Can an Embodied Agent Find Your "Cat-shaped Mug"? LLM-Guided Exploration for Zero-Shot Object Navigation
Vishnu Sashank Dorbala, James F. Mullen, Dinesh Manocha
TL;DR
The paper tackles zero-shot object navigation with unconstrained natural language by introducing LGX, a framework that uses LLM-driven exploration guided by scene-derived prompts alongside GLIP-based open-vocabulary grounding to locate uniquely described objects in unseen environments. It demonstrates state-of-the-art results on RoboTHOR, with substantial SR/SPL gains, and validates the approach in real-world robot experiments using a TurtleBot 2. The work conducts extensive analyses of LLM prompting strategies and grounding model choices, providing insights into prompt design and grounding reliability. It also discusses practical limitations and avenues for future work to improve robustness in real-world, free-language navigation scenarios.
Abstract
We present LGX (Language-guided Exploration), a novel algorithm for Language-Driven Zero-Shot Object Goal Navigation (L-ZSON), where an embodied agent navigates to a uniquely described target object in a previously unseen environment. Our approach makes use of Large Language Models (LLMs) for this task by leveraging the LLM's commonsense reasoning capabilities for making sequential navigational decisions. Simultaneously, we perform generalized target object detection using a pre-trained Vision-Language grounding model.

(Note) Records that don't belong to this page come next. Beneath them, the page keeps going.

(* The chaotic relaxation for the system $\mathbf{Lx}=\mathbf{b}$ defined by the splitting $\mathbf{D + \tilde{L}}$, with $\mathbf{D}$ nonsingular block diagonal and $\mathbf{\tilde{L}}$ strictly lower block triangular, converges.
   Context: Let $\mathbf{L}\in\mathbb{R}^{n\times n}$ be lower block triangular with square $b\times b$ blocks ($n$ divisible by $b$) and nonsingular diagonal blocks, split as $\mathbf{L}=\mathbf{D}+\tilde{\mathbf{L}}$ with $\mathbf{D}$ its block diagonal part and $\tilde{\mathbf{L}}$ its strictly lower block triangular part. For a splitting $\mathbf{L}=\mathbf{M}+\mathbf{N}$ (here $\mathbf{M}=\mathbf{D}$, $\mathbf{N}=\tilde{\mathbf{L}}$), set $\mathbf{B}:=-\mathbf{M}^{-1}\mathbf{N}$ and $\mathbf{C}:=\mathbf{M}^{-1}$ with rows $\mathbf{c}_i^T$. The chaotic relaxation (Chazan–Miranker) is the iteration $x_i^{j+1}=x_i^j$ if $i\neq u(j)$ and $x_i^{j+1}=\sum_{\alpha=1}^n B_{i\alpha}x_\alpha^{j-s_\alpha(j)}+\mathbf{c}_i^T\mathbf{b}$ if $i=u(j)$, where the shift functions $s_\alpha:\mathbb{N}\to\mathbb{N}$ satisfy $0\le s_\alpha(j)\le\min\{j-1,\hat s\}$ for some fixed $\hat s$, and the update function $u:\mathbb{N}\to\{1,\dots,n\}$ is such that for every $i$ and every $j$ there is $l>j$ with $u(l)=i$. Chazan–Miranker's theorem: such a scheme converges if $\rho(|\mathbf{B}|)<1$. *)

theory Defs
  imports "HOL-Analysis.Analysis" "Jordan_Normal_Form.Matrix" "Jordan_Normal_Form.Determinant"
    "Jordan_Normal_Form.Gauss_Jordan_Elimination"
begin

text \<open>Block structure with square blocks of size bs (0-based indices; index i lies in block i div bs).\<close>

definition lower_block_triangular :: "nat \<Rightarrow> nat \<Rightarrow> real mat \<Rightarrow> bool" where
  "lower_block_triangular n bs L \<longleftrightarrow> L \<in> carrier_mat n n \<and>
     (\<forall>i<n. \<forall>j<n. i div bs < j div bs \<longrightarrow> L $$ (i,j) = 0)"

definition diag_block :: "nat \<Rightarrow> real mat \<Rightarrow> nat \<Rightarrow> real mat" where
  "diag_block bs L p = mat bs bs (\<lambda>(i,j). L $$ (p*bs+i, p*bs+j))"

definition block_diag_part :: "nat \<Rightarrow> nat \<Rightarrow> real mat \<Rightarrow> real mat" where
  "block_diag_part n bs L = mat n n (\<lambda>(i,j). if i div bs = j div bs then L $$ (i,j) else 0)"

definition strictly_lower_block_part :: "nat \<Rightarrow> nat \<Rightarrow> real mat \<Rightarrow> real mat" where
  "strictly_lower_block_part n bs L = L - block_diag_part n bs L"

text \<open>Chaotic relaxation (Chazan--Miranker) for the splitting L = M + N, with B = -M^{-1}N, C = M^{-1}.
  Iterates x j for j >= 1; x 1 is the arbitrary initial vector.\<close>

definition chaotic_relaxation ::
  "nat \<Rightarrow> real mat \<Rightarrow> real mat \<Rightarrow> real vec \<Rightarrow> (nat \<Rightarrow> nat) \<Rightarrow> (nat \<Rightarrow> nat \<Rightarrow> nat) \<Rightarrow> nat
     \<Rightarrow> (nat \<Rightarrow> real vec) \<Rightarrow> bool" where
  "chaotic_relaxation n M N b u s shat x \<longleftrightarrow>
     (let Minv = the (mat_inverse M); B = - (Minv * N); C = Minv in
     (\<forall>j\<ge>1. \<forall>\<alpha><n. s \<alpha> j \<le> min (j - 1) shat) \<and>
     (\<forall>j\<ge>1. u j \<in> {0..<n}) \<and>
     (\<forall>i<n. \<forall>j\<ge>1. \<exists>l>j. u l = i) \<and>
     (\<forall>j\<ge>1. dim_vec (x j) = n) \<and>
     (\<forall>j\<ge>1. \<forall>i<n.
        x (j+1) $ i = (if i \<noteq> u j then x j $ i
                       else (\<Sum>\<alpha><n. B $$ (i,\<alpha>) * x (j - s \<alpha> j) $ \<alpha>) + row C i \<bullet> b)))"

We achieve state-of-the-art zero-shot object navigation results on RoboTHOR with a success rate (SR) improvement of over 27% over the current baseline of the OWL-ViT CLIP on Wheels (OWL CoW). Furthermore, we study the usage of LLMs for robot navigation and present an analysis of various prompting strategies affecting the model output. Finally, we showcase the benefits of our approach via \textit{real-world} experiments that indicate the superior performance of LGX in detecting and navigating to visually unique objects.